- Exercise -
Within the data that follows, set down exactly the lines from the one containing "Context: Let $k\ge2$" through the one containing "(x (fst z))", both ends included.

- Dataset entries -
++++++
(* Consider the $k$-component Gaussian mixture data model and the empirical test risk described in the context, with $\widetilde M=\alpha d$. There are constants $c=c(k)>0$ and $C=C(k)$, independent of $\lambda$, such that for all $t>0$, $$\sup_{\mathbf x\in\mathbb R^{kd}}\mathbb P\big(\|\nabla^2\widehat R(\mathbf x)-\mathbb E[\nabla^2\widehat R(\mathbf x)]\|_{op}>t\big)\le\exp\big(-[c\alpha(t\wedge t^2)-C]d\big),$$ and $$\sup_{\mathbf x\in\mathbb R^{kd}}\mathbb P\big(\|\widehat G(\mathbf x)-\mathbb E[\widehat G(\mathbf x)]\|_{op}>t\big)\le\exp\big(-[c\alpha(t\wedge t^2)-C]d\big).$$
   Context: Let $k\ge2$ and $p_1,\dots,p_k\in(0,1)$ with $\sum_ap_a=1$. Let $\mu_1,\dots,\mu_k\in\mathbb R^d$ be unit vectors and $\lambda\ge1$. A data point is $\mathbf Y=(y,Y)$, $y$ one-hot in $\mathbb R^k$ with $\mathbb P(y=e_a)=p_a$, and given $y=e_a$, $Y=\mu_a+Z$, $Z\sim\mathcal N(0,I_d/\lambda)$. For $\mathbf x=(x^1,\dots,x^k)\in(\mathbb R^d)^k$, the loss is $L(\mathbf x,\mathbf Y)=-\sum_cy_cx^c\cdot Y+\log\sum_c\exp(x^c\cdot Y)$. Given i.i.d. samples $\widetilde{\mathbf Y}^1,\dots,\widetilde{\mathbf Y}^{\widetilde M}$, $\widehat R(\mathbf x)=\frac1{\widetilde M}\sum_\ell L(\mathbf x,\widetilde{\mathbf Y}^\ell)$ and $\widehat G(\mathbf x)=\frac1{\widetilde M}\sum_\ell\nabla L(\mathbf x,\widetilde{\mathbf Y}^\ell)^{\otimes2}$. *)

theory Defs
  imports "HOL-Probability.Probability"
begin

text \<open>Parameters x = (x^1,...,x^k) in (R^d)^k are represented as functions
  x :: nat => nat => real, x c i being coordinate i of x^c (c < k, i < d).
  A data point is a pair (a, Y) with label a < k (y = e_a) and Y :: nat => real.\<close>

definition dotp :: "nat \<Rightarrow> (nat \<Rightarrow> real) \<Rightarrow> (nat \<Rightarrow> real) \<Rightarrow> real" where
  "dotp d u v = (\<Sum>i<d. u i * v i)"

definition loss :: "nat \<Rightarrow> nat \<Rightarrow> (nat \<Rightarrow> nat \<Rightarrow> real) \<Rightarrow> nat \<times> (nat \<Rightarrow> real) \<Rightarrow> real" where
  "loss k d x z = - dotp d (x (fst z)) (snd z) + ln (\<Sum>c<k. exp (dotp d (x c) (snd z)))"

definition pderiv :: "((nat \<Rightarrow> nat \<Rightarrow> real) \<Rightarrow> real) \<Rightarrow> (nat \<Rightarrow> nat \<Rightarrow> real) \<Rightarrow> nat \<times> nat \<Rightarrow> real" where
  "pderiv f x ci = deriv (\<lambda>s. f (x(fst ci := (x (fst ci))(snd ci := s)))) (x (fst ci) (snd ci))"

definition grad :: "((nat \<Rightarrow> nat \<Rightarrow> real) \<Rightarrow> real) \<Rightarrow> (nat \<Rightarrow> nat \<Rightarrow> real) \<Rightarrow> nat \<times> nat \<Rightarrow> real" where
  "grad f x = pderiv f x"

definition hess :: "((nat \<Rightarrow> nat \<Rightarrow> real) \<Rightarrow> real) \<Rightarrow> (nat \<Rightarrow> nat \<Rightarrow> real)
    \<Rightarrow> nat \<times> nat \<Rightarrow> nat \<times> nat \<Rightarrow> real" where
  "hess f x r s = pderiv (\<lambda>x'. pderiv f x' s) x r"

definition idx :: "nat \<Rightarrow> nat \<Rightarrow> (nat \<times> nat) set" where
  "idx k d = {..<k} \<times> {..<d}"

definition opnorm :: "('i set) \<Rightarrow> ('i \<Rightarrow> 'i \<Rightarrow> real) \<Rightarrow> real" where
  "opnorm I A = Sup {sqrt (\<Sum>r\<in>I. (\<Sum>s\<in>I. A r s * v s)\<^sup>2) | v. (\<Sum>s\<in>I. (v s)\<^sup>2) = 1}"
++++++
- Output below -
   Context: Let $k\ge2$ and $p_1,\dots,p_k\in(0,1)$ with $\sum_ap_a=1$. Let $\mu_1,\dots,\mu_k\in\mathbb R^d$ be unit vectors and $\lambda\ge1$. A data point is $\mathbf Y=(y,Y)$, $y$ one-hot in $\mathbb R^k$ with $\mathbb P(y=e_a)=p_a$, and given $y=e_a$, $Y=\mu_a+Z$, $Z\sim\mathcal N(0,I_d/\lambda)$. For $\mathbf x=(x^1,\dots,x^k)\in(\mathbb R^d)^k$, the loss is $L(\mathbf x,\mathbf Y)=-\sum_cy_cx^c\cdot Y+\log\sum_c\exp(x^c\cdot Y)$. Given i.i.d. samples $\widetilde{\mathbf Y}^1,\dots,\widetilde{\mathbf Y}^{\widetilde M}$, $\widehat R(\mathbf x)=\frac1{\widetilde M}\sum_\ell L(\mathbf x,\widetilde{\mathbf Y}^\ell)$ and $\widehat G(\mathbf x)=\frac1{\widetilde M}\sum_\ell\nabla L(\mathbf x,\widetilde{\mathbf Y}^\ell)^{\otimes2}$. *)

theory Defs
  imports "HOL-Probability.Probability"
begin

text \<open>Parameters x = (x^1,...,x^k) in (R^d)^k are represented as functions
  x :: nat => nat => real, x c i being coordinate i of x^c (c < k, i < d).
  A data point is a pair (a, Y) with label a < k (y = e_a) and Y :: nat => real.\<close>

definition dotp :: "nat \<Rightarrow> (nat \<Rightarrow> real) \<Rightarrow> (nat \<Rightarrow> real) \<Rightarrow> real" where
  "dotp d u v = (\<Sum>i<d. u i * v i)"

definition loss :: "nat \<Rightarrow> nat \<Rightarrow> (nat \<Rightarrow> nat \<Rightarrow> real) \<Rightarrow> nat \<times> (nat \<Rightarrow> real) \<Rightarrow> real" where
  "loss k d x z = - dotp d (x (fst z)) (snd z) + ln (\<Sum>c<k. exp (dotp d (x c) (snd z)))"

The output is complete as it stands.